Though not officially ‘expelled’ as such, Cam’s dad was called and recommended that he pull Cam out of the school. They won’t have to put ‘expulsion’ down on his official school record, but he still got kicked out.

“Doesn’t sound too hardcore. I wish I threw a chair at the teacher. It would have been so much cooler!”

True. You know what would also be cool? Cam Knight doing a festival show around Australia next year. Does he reckon it’ll happen?

“I don’t know mate. I’d love to say yes, but I just don’t know. I don’t know what I’m going to be doing. I need to make a decision about it really soon.”

 

Certified male


Certified Male

One of the deciding factors is the current season of the stage play Certified Male, which Cam’s about to be appearing in. Glynn Nicholas, who created the show, did it years ago with Pete Rowsthorn. This time round, Cam’s in it with Mike McLeish, Dave Callan (the beardless, Sydney-living Dave Callan who excels at improv, as opposed to ‘hairy’ Dave Callan, from Melbourne) and, in some cities, Glynn Nicholas himself. In other cities, Glynn will be replaced by Barry Crocker. So next year’s festivals won’t even be a consideration until Certified Male is over.

Meanwhile, Cam’s set to record his current show, Just Another Misfit – which he describes as his “favourite” – at the Comedy Store. “I feel it’s the tightest. I feel like it’s a good, solid hour, and this is the one I want to record.” Cam’s taken time developing the material, and been very careful about ensuring nothing from it is already up on youtube. “I’ve made a conscious decision not to put any clips up,” he says. “I wanted to wait. I’m a big guy about biding my time for some reason.”

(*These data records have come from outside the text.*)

(* Let $\alpha\ge6$ and $f_\alpha(y)=\sum_{k,l\in\mathbb{Z}}e^{-\pi\alpha\phi_{k,l}(y)}$. Then $f_\alpha''(y)<0$ for all $y\in\big[\tfrac{\sqrt3}2,\tfrac{\sqrt3}2+\tfrac1{3\sqrt\alpha}\big]$.
   Context: For $y>0$ and $(k,l)\in\mathbb{Z}^2$: $\phi_{k,l}(y)=\frac{(2k+l+1)^2}{4y}+y\big(l+\frac12-\frac1{8y^2}\big)^2$. *)

theory Defs
  imports "HOL-Analysis.Analysis"
begin

definition phi :: "int \<Rightarrow> int \<Rightarrow> real \<Rightarrow> real" where
  "phi k l y = (of_int (2*k + l + 1))^2 / (4*y) + y * (of_int l + 1/2 - 1/(8*y^2))^2"

definition f_alpha :: "real \<Rightarrow> real \<Rightarrow> real" where
  "f_alpha \<alpha> y = (\<Sum>\<^sub>\<infinity>(k,l)\<in>(UNIV :: (int \<times> int) set). exp (- pi * \<alpha> * phi k l y))"

end

(* With t = pi * alpha, f_alpha is a sum of Gaussians exp (- t * phi k l y) which, together with
   their first two y-derivatives, are dominated on 4/5 < y < 11/10 by summable geometric weights,
   so f_alpha'' = sum (t^2 phi'^2 - t phi'') exp (- t phi) may be computed termwise.
   For y >= sqrt 3 / 2 the excess phi k l - phi 0 0 is at least quad k l / y, where
   quad k l = k^2 + k l + l^2 + k + l vanishes exactly at (0,0), (-1,0), (0,-1); these three
   indices give identical terms. There phi'' >= 0.42, while phi' vanishes at y = sqrt 3 / 2, so
   t phi'^2 <= 0.21 on the window t (y - sqrt 3 / 2)^2 <= pi / 9 and each of the three terms is
   at most -0.21 t exp (- t phi 0 0). All remaining terms together contribute at most
   10 t^2 exp (- t phi 0 0) exp (- 15 t / 32) * 25 / 9, which is smaller once t >= 6 pi. *)

theory Submission
  imports Defs
begin

lemma has_sum_power_abs_int:
  fixes r :: real
  assumes "0 \<le> r" "r < 1"
  shows "((\<lambda>k::int. r ^ nat \<bar>k\<bar>) has_sum ((1 + r) / (1 - r))) UNIV"
proof -
  have geom: "((\<lambda>n::nat. r ^ n) has_sum (1 / (1 - r))) UNIV"
    using assms by (intro sums_nonneg_imp_has_sum) (auto intro: geometric_sums)
  have nonneg: "((\<lambda>k::int. r ^ nat \<bar>k\<bar>) has_sum (1 / (1 - r))) (range int)"
    by (subst has_sum_reindex) (use geom in \<open>auto simp: o_def inj_def\<close>)
  have neg: "((\<lambda>k::int. r ^ nat \<bar>k\<bar>) has_sum (r * (1 / (1 - r)))) (range (\<lambda>n::nat. - int n - 1))"
  proof (subst has_sum_reindex)
    show "inj (\<lambda>n::nat. - int n - 1)" by (simp add: inj_def)
    have "nat \<bar>- int n - 1\<bar> = Suc n" for n :: nat by simp
    then show "((\<lambda>k::int. r ^ nat \<bar>k\<bar>) \<circ> (\<lambda>n::nat. - int n - 1) has_sum (r * (1 / (1 - r)))) UNIV"
      using has_sum_cmult_right[OF geom, of r] by (simp add: o_def)
  qed
  have "k \<in> range int \<union> range (\<lambda>n::nat. - int n - 1)" for k :: int
  proof (cases "k \<ge> 0")
    case True then show ?thesis by (metis UnI1 nonneg_int_cases rangeI)
  next
    case False
    then have "k = - int (nat (- k - 1)) - 1" by simp
    then show ?thesis by (metis UnI2 rangeI)
  qed
  then have "range int \<union> range (\<lambda>n::nat. - int n - 1) = UNIV" by auto
  moreover have "range int \<inter> range (\<lambda>n::nat. - int n - 1) = {}" by auto
  ultimately have "((\<lambda>k::int. r ^ nat \<bar>k\<bar>) has_sum (1 / (1 - r) + r * (1 / (1 - r)))) UNIV"
    using has_sum_Un_disjoint[OF nonneg neg] by simp
  moreover have "1 / (1 - r) + r * (1 / (1 - r)) = (1 + r) / (1 - r)"
    using assms by (simp add: field_simps)
  ultimately show ?thesis by simp
qed

lemma has_sum_product_nonneg:
  fixes f :: "'a \<Rightarrow> real" and g :: "'b \<Rightarrow> real"
  assumes f: "(f has_sum a) A" and g: "(g has_sum b) B"
    and "\<And>x. x \<in> A \<Longrightarrow> 0 \<le> f x" "\<And>y. y \<in> B \<Longrightarrow> 0 \<le> g y"
  shows "((\<lambda>(x, y). f x * g y) has_sum (a * b)) (A \<times> B)"
proof -
  have rows: "((\<lambda>y. f x * g y) has_sum (f x * b)) B" for x
    using has_sum_cmult_right[OF g] .
  have cols: "((\<lambda>x. f x * b) has_sum (a * b)) A"
    using has_sum_cmult_left[OF f] .
  have "(\<lambda>(x, y). f x * g y) summable_on Sigma A (\<lambda>_. B)"
    by (rule summable_on_SigmaI[OF _ has_sum_imp_summable[OF cols]]) (use rows assms in auto)
  then show ?thesis
    using has_sum_SigmaI[of A "\<lambda>(x, y). f x * g y", OF _ cols] rows by simp
qed
(* Let $D$ be a delta-matroid on $E\cup\overline{E}$ for a finite set $E$. If $E=\emptyset$, then $U_D(u,v)=1$. For any $i\in E$, $$U_D(u,v)=\begin{cases}U_{D/i}(u,v)+U_{D\setminus i}(u,v)+u\,U_{D(i)}(u,v), & \text{if } i \text{ is neither a loop nor a coloop},\\ (u+v+1)\,U_{D\setminus i}(u,v), & \text{if } i \text{ is a loop or a coloop}.\end{cases}$$
   Context: For a finite $E\subseteq\{1,2,\dots\}$ let $E\cup\overline{E}$ consist of $E$ and formal copies $\overline{i}$ ($i\in E$), with involution $a\mapsto\overline{a}$; $\overline{S}=\{\overline{a}:a\in S\}$. A subset is admissible if it contains at most one of $i,\overline{i}$ for each $i$; $\operatorname{AdS}(E)$ denotes the set of admissible subsets of $E\cup\overline{E}$. In $\mathbb{R}^E$ set $e_{\overline{i}}=-e_i$, $e_S=\sum_{a\in S}e_a$. A delta-matroid on $E\cup\overline{E}$ is a nonempty collection $\mathcal{F}$ of admissible sets of size $|E|$ (feasible sets) such that $\operatorname{Conv}\{e_B:B\in\mathcal{F}\}$ has all edges parallel to some $e_i$ or $e_i\pm e_j$. Rank function: $g_D(S)=\max_{B\in\mathcal{F}}(|S\cap B|-|\overline{S}\cap B|)$. $U$-polynomial: $U_D(u,v)=\sum_{S\in\operatorname{AdS}(E)}u^{|E|-|S|}v^{(|S|-g_D(S))/2}$. For $i\in E$: $i$ is a loop if no feasible set contains $i$, a coloop if every feasible set contains $i$. If $i$ is not a loop, $D/i$ is the delta-matroid on $(E\setminus\{i\})\cup\overline{(E\setminus\{i\})}$ with feasible sets $B\setminus\{i\}$ for feasible $B\ni i$; if $i$ is not a coloop, $D\setminus i$ has feasible sets $B\setminus\{\overline{i}\}$ for feasible $B\ni\overline{i}$; $D(i)$ has feasible sets $B\setminus\{i,\overline{i}\}$ for all feasible $B$; if $i$ is a loop or a coloop, $D/i=D\setminus i=D(i)$. *)

theory Defs
  imports "HOL-Analysis.Analysis" "HOL-Library.Function_Algebras"
begin

(* Pointwise real vector space structure on functions, so that R^E can be
   modelled as nat => real (coordinates outside E are zero). *)
instantiation "fun" :: (type, real_vector) real_vector
begin
definition scaleR_fun :: "real \<Rightarrow> ('a \<Rightarrow> 'b) \<Rightarrow> 'a \<Rightarrow> 'b"
  where "scaleR_fun c f = (\<lambda>x. c *\<^sub>R f x)"
instance
  by standard (auto simp: scaleR_fun_def fun_eq_iff scaleR_add_right scaleR_add_left)
end

(* Elements of E \<union> \<bar>E\<close> are encoded as integers: i \<in> E is int i, its copy \<bar>i\<close>
   is - int i.  The involution is negation. *)
definition signed_ground :: "nat set \<Rightarrow> int set" where
  "signed_ground E = int ` E \<union> uminus ` int ` E"

definition admissible :: "nat set \<Rightarrow> int set \<Rightarrow> bool" where
  "admissible E S \<longleftrightarrow> S \<subseteq> signed_ground E \<and> (\<forall>a\<in>S. - a \<notin> S)"

definition AdS :: "nat set \<Rightarrow> int set set" where
  "AdS E = {S. admissible E S}"

(* e_S = sum_{a in S} e_a, with e_{bar i} = - e_i *)
definition indvec :: "int set \<Rightarrow> nat \<Rightarrow> real" where
  "indvec S = (\<lambda>j. (if int j \<in> S then 1 else 0) - (if - int j \<in> S then 1 else 0))"

definition unitvec :: "nat \<Rightarrow> nat \<Rightarrow> real" where
  "unitvec i = (\<lambda>j. if j = i then 1 else 0)"

definition edge_directions :: "nat set \<Rightarrow> (nat \<Rightarrow> real) set" where
  "edge_directions E =
     {unitvec i | i. i \<in> E} \<union>
     {unitvec i + unitvec j | i j. i \<in> E \<and> j \<in> E \<and> i \<noteq> j} \<union>
     {unitvec i - unitvec j | i j. i \<in> E \<and> j \<in> E \<and> i \<noteq> j}"

definition is_edge :: "(nat \<Rightarrow> real) set \<Rightarrow> (nat \<Rightarrow> real) set \<Rightarrow> bool" where
  "is_edge F P \<longleftrightarrow> F face_of P \<and> (\<exists>x y. x \<noteq> y \<and> F = closed_segment x y)"

definition delta_matroid :: "nat set \<Rightarrow> int set set \<Rightarrow> bool" where
  "delta_matroid E F \<longleftrightarrow>
     finite E \<and> 0 \<notin> E \<and> F \<noteq> {} \<and>
     (\<forall>B\<in>F. admissible E B \<and> card B = card E) \<and>
     (\<forall>Fc. is_edge Fc (convex hull (indvec ` F)) \<longrightarrow>
        (\<exists>x y. Fc = closed_segment x y \<and>
               (\<exists>d\<in>edge_directions E. \<exists>c::real. y - x = c *\<^sub>R d)))"

definition rank_dm :: "int set set \<Rightarrow> int set \<Rightarrow> int" where
  "rank_dm F S = Max ((\<lambda>B. int (card (S \<inter> B)) - int (card (uminus ` S \<inter> B))) ` F)"

definition Upoly :: "nat set \<Rightarrow> int set set \<Rightarrow> 'a::comm_ring_1 \<Rightarrow> 'a \<Rightarrow> 'a" where
  "Upoly E F u v =
     (\<Sum>S\<in>AdS E. u ^ (card E - card S) * v ^ nat ((int (card S) - rank_dm F S) div 2))"

definition is_loop :: "int set set \<Rightarrow> nat \<Rightarrow> bool" where
  "is_loop F i \<longleftrightarrow> (\<forall>B\<in>F. int i \<notin> B)"

definition is_coloop :: "int set set \<Rightarrow> nat \<Rightarrow> bool" where
  "is_coloop F i \<longleftrightarrow> (\<forall>B\<in>F. int i \<in> B)"

definition dm_proj :: "int set set \<Rightarrow> nat \<Rightarrow> int set set" where
  "dm_proj F i = (\<lambda>B. B - {int i, - int i}) ` F"

definition dm_contract :: "int set set \<Rightarrow> nat \<Rightarrow> int set set" where
  "dm_contract F i =
     (if is_loop F i \<or> is_coloop F i then dm_proj F i
      else (\<lambda>B. B - {int i}) ` {B\<in>F. int i \<in> B})"

definition dm_delete :: "int set set \<Rightarrow> nat \<Rightarrow> int set set" where
  "dm_delete F i =
     (if is_loop F i \<or> is_coloop F i then dm_proj F i
      else (\<lambda>B. B - {- int i}) ` {B\<in>F. - int i \<in> B})"

end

For some reason? I’ll tell you the reason you’ve made a point of not having stand-up footage out there, Cam Knight: because you got some big breaks before you were quite ready for them; you jumped in a little fresh, copped more criticism than you deserved, and you are cautious never to be in that position ever again.

“You’re absolutely right, I jumped in fresh and I’m very conscious about what’s out there. But I feel very good about this show, and we’re gonna shoot it. Hopefully we’ll have a full house on Saturday night and it’ll look great.”